### [SUPPLIED RECORDS]
━━━━
text \<open>For small \<open>t > 0\<close> the segment from \<open>x + t(v - s g)\<close> to \<open>x + t(v + s g)\<close> crosses the
  level set, since \<open>\<rho>\<close> has derivative \<open>\<mp>s|g|\<^sup>2\<close> along the rays through its endpoints.\<close>

lemma level_set_tangent_cone:
  fixes \<rho> :: "'a::real_inner \<Rightarrow> real"
  assumes deriv: "(\<rho> has_derivative (\<lambda>w. g \<bullet> w)) (at x)" and "\<rho> x = 0" and "g \<noteq> 0"
    and cont: "continuous_on (ball x r) \<rho>" and "r > 0" and "v \<bullet> g = 0"
  shows "v \<in> tangent_cone {y \<in> ball x r. \<rho> y = 0} x"
  unfolding tangent_cone_def
proof (intro CollectI allI impI)
  fix \<epsilon> \<delta> :: real
  assume "\<epsilon> > 0" "\<delta> > 0"
  define s where "s = \<epsilon> / (norm g + 1)"
  have "norm g + 1 > 0"
    by (simp add: add_nonneg_pos)
  then have "s > 0" "s * (norm g + 1) = \<epsilon>"
    using \<open>\<epsilon> > 0\<close> by (simp_all add: s_def)
  then have "s * norm g \<le> \<epsilon>"
    by (simp add: algebra_simps)
  have "s * (g \<bullet> g) > 0"
    using \<open>s > 0\<close> \<open>g \<noteq> 0\<close> by simp
  then have "\<forall>\<^sub>F t in at_right 0. \<rho> (x + t *\<^sub>R (v - s *\<^sub>R g)) < 0"
    and "\<forall>\<^sub>F t in at_right 0. - \<rho> (x + t *\<^sub>R (v + s *\<^sub>R g)) < 0"
    using eventually_neg_along_ray[OF deriv \<open>\<rho> x = 0\<close>, of "v - s *\<^sub>R g"]
      eventually_neg_along_ray[OF has_derivative_minus[OF deriv], of "v + s *\<^sub>R g"]
      \<open>\<rho> x = 0\<close> \<open>v \<bullet> g = 0\<close>
    by (simp_all add: inner_diff_right inner_add_right inner_commute)
  moreover have "((\<lambda>t. t * (norm v + s * norm g)) \<longlongrightarrow> 0 * (norm v + s * norm g)) (at_right 0)"
    by (intro tendsto_intros)
  then have "\<forall>\<^sub>F t in at_right 0. t * (norm v + s * norm g) < min r \<delta>"
    using order_tendstoD(2)[of _ 0 _ "min r \<delta>"] \<open>r > 0\<close> \<open>\<delta> > 0\<close> by simp
  moreover note eventually_at_right_less
  ultimately have "\<forall>\<^sub>F t in at_right 0. \<rho> (x + t *\<^sub>R (v - s *\<^sub>R g)) < 0 \<and>
      \<rho> (x + t *\<^sub>R (v + s *\<^sub>R g)) > 0 \<and> t * (norm v + s * norm g) < min r \<delta> \<and> t > 0"
    by eventually_elim auto
  then obtain t where neg: "\<rho> (x + t *\<^sub>R (v - s *\<^sub>R g)) < 0" and pos: "\<rho> (x + t *\<^sub>R (v + s *\<^sub>R g)) > 0"
    and small: "t * (norm v + s * norm g) < min r \<delta>" and "t > 0"
    using eventually_happens'[OF trivial_limit_at_right_real] by blast
  define z where "z \<sigma> = x + t *\<^sub>R v + \<sigma> *\<^sub>R g" for \<sigma>
  have z_near: "norm (z \<sigma> - x) < min r \<delta>" if "\<bar>\<sigma>\<bar> \<le> s * t" for \<sigma>
  proof -
    have "norm (z \<sigma> - x) \<le> t * norm v + \<bar>\<sigma>\<bar> * norm g"
      using norm_triangle_ineq[of "t *\<^sub>R v" "\<sigma> *\<^sub>R g"] \<open>t > 0\<close> by (simp add: z_def)
    also have "\<dots> \<le> t * (norm v + s * norm g)"
      using mult_right_mono[OF that norm_ge_zero[of g]] by (simp add: algebra_simps)
    finally show ?thesis
      using small by linarith
  qed
  have "continuous_on {- (s * t) .. s * t} (\<lambda>\<sigma>. \<rho> (z \<sigma>))"
  proof (rule continuous_on_compose2[OF cont])
    show "continuous_on {- (s * t) .. s * t} z"
      unfolding z_def by (intro continuous_intros)
    show "z ` {- (s * t) .. s * t} \<subseteq> ball x r"
      using z_near by (auto simp: dist_norm norm_minus_commute abs_le_iff)
  qed
  moreover have "z (- (s * t)) = x + t *\<^sub>R (v - s *\<^sub>R g)" "z (s * t) = x + t *\<^sub>R (v + s *\<^sub>R g)"
    by (simp_all add: z_def algebra_simps)
  ultimately obtain \<sigma> where "\<bar>\<sigma>\<bar> \<le> s * t" "\<rho> (z \<sigma>) = 0"
    using IVT'[of "\<lambda>\<sigma>. \<rho> (z \<sigma>)" "- (s * t)" 0 "s * t"] neg pos \<open>s > 0\<close> \<open>t > 0\<close>
    by (force simp: abs_le_iff)
  moreover have "norm (z \<sigma> - x - t *\<^sub>R v) \<le> \<epsilon> * t" if "\<bar>\<sigma>\<bar> \<le> s * t"
  proof -
    have "norm (z \<sigma> - x - t *\<^sub>R v) \<le> s * t * norm g"
      using that by (simp add: z_def mult_right_mono)
    also have "\<dots> \<le> \<epsilon> * t"
      using mult_right_mono[OF \<open>s * norm g \<le> \<epsilon>\<close>, of t] \<open>t > 0\<close> by (simp add: algebra_simps)
    finally show ?thesis .
  qed
  ultimately show "\<exists>t>0. \<exists>y\<in>{y \<in> ball x r. \<rho> y = 0}. norm (y - x - t *\<^sub>R v) \<le> \<epsilon> * t \<and> norm (y - x) < \<delta>"
    using \<open>t > 0\<close> z_near by (force simp: dist_norm norm_minus_commute)
qed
━━━━
### [WHAT TO WORK ON]
Every entry should be retyped exactly as shown.

### [RESPONSE AREA]
text \<open>For small \<open>t > 0\<close> the segment from \<open>x + t(v - s g)\<close> to \<open>x + t(v + s g)\<close> crosses the
  level set, since \<open>\<rho>\<close> has derivative \<open>\<mp>s|g|\<^sup>2\<close> along the rays through its endpoints.\<close>

lemma level_set_tangent_cone:
  fixes \<rho> :: "'a::real_inner \<Rightarrow> real"
  assumes deriv: "(\<rho> has_derivative (\<lambda>w. g \<bullet> w)) (at x)" and "\<rho> x = 0" and "g \<noteq> 0"
    and cont: "continuous_on (ball x r) \<rho>" and "r > 0" and "v \<bullet> g = 0"
  shows "v \<in> tangent_cone {y \<in> ball x r. \<rho> y = 0} x"
  unfolding tangent_cone_def
proof (intro CollectI allI impI)
  fix \<epsilon> \<delta> :: real
  assume "\<epsilon> > 0" "\<delta> > 0"
  define s where "s = \<epsilon> / (norm g + 1)"
  have "norm g + 1 > 0"
    by (simp add: add_nonneg_pos)
  then have "s > 0" "s * (norm g + 1) = \<epsilon>"
    using \<open>\<epsilon> > 0\<close> by (simp_all add: s_def)
  then have "s * norm g \<le> \<epsilon>"
    by (simp add: algebra_simps)
  have "s * (g \<bullet> g) > 0"
    using \<open>s > 0\<close> \<open>g \<noteq> 0\<close> by simp
  then have "\<forall>\<^sub>F t in at_right 0. \<rho> (x + t *\<^sub>R (v - s *\<^sub>R g)) < 0"
    and "\<forall>\<^sub>F t in at_right 0. - \<rho> (x + t *\<^sub>R (v + s *\<^sub>R g)) < 0"
    using eventually_neg_along_ray[OF deriv \<open>\<rho> x = 0\<close>, of "v - s *\<^sub>R g"]
      eventually_neg_along_ray[OF has_derivative_minus[OF deriv], of "v + s *\<^sub>R g"]
      \<open>\<rho> x = 0\<close> \<open>v \<bullet> g = 0\<close>
    by (simp_all add: inner_diff_right inner_add_right inner_commute)
  moreover have "((\<lambda>t. t * (norm v + s * norm g)) \<longlongrightarrow> 0 * (norm v + s * norm g)) (at_right 0)"
    by (intro tendsto_intros)
  then have "\<forall>\<^sub>F t in at_right 0. t * (norm v + s * norm g) < min r \<delta>"
    using order_tendstoD(2)[of _ 0 _ "min r \<delta>"] \<open>r > 0\<close> \<open>\<delta> > 0\<close> by simp
  moreover note eventually_at_right_less
  ultimately have "\<forall>\<^sub>F t in at_right 0. \<rho> (x + t *\<^sub>R (v - s *\<^sub>R g)) < 0 \<and>
      \<rho> (x + t *\<^sub>R (v + s *\<^sub>R g)) > 0 \<and> t * (norm v + s * norm g) < min r \<delta> \<and> t > 0"
    by eventually_elim auto
  then obtain t where neg: "\<rho> (x + t *\<^sub>R (v - s *\<^sub>R g)) < 0" and pos: "\<rho> (x + t *\<^sub>R (v + s *\<^sub>R g)) > 0"
    and small: "t * (norm v + s * norm g) < min r \<delta>" and "t > 0"
    using eventually_happens'[OF trivial_limit_at_right_real] by blast
  define z where "z \<sigma> = x + t *\<^sub>R v + \<sigma> *\<^sub>R g" for \<sigma>
  have z_near: "norm (z \<sigma> - x) < min r \<delta>" if "\<bar>\<sigma>\<bar> \<le> s * t" for \<sigma>
  proof -
    have "norm (z \<sigma> - x) \<le> t * norm v + \<bar>\<sigma>\<bar> * norm g"
      using norm_triangle_ineq[of "t *\<^sub>R v" "\<sigma> *\<^sub>R g"] \<open>t > 0\<close> by (simp add: z_def)
    also have "\<dots> \<le> t * (norm v + s * norm g)"
      using mult_right_mono[OF that norm_ge_zero[of g]] by (simp add: algebra_simps)
    finally show ?thesis
      using small by linarith
  qed
  have "continuous_on {- (s * t) .. s * t} (\<lambda>\<sigma>. \<rho> (z \<sigma>))"
  proof (rule continuous_on_compose2[OF cont])
    show "continuous_on {- (s * t) .. s * t} z"
      unfolding z_def by (intro continuous_intros)
    show "z ` {- (s * t) .. s * t} \<subseteq> ball x r"
      using z_near by (auto simp: dist_norm norm_minus_commute abs_le_iff)
  qed
  moreover have "z (- (s * t)) = x + t *\<^sub>R (v - s *\<^sub>R g)" "z (s * t) = x + t *\<^sub>R (v + s *\<^sub>R g)"
    by (simp_all add: z_def algebra_simps)
  ultimately obtain \<sigma> where "\<bar>\<sigma>\<bar> \<le> s * t" "\<rho> (z \<sigma>) = 0"
    using IVT'[of "\<lambda>\<sigma>. \<rho> (z \<sigma>)" "- (s * t)" 0 "s * t"] neg pos \<open>s > 0\<close> \<open>t > 0\<close>
    by (force simp: abs_le_iff)
  moreover have "norm (z \<sigma> - x - t *\<^sub>R v) \<le> \<epsilon> * t" if "\<bar>\<sigma>\<bar> \<le> s * t"
  proof -
    have "norm (z \<sigma> - x - t *\<^sub>R v) \<le> s * t * norm g"
      using that by (simp add: z_def mult_right_mono)
    also have "\<dots> \<le> \<epsilon> * t"
      using mult_right_mono[OF \<open>s * norm g \<le> \<epsilon>\<close>, of t] \<open>t > 0\<close> by (simp add: algebra_simps)
    finally show ?thesis .
  qed
  ultimately show "\<exists>t>0. \<exists>y\<in>{y \<in> ball x r. \<rho> y = 0}. norm (y - x - t *\<^sub>R v) \<le> \<epsilon> * t \<and> norm (y - x) < \<delta>"
    using \<open>t > 0\<close> z_near by (force simp: dist_norm norm_minus_commute)
qed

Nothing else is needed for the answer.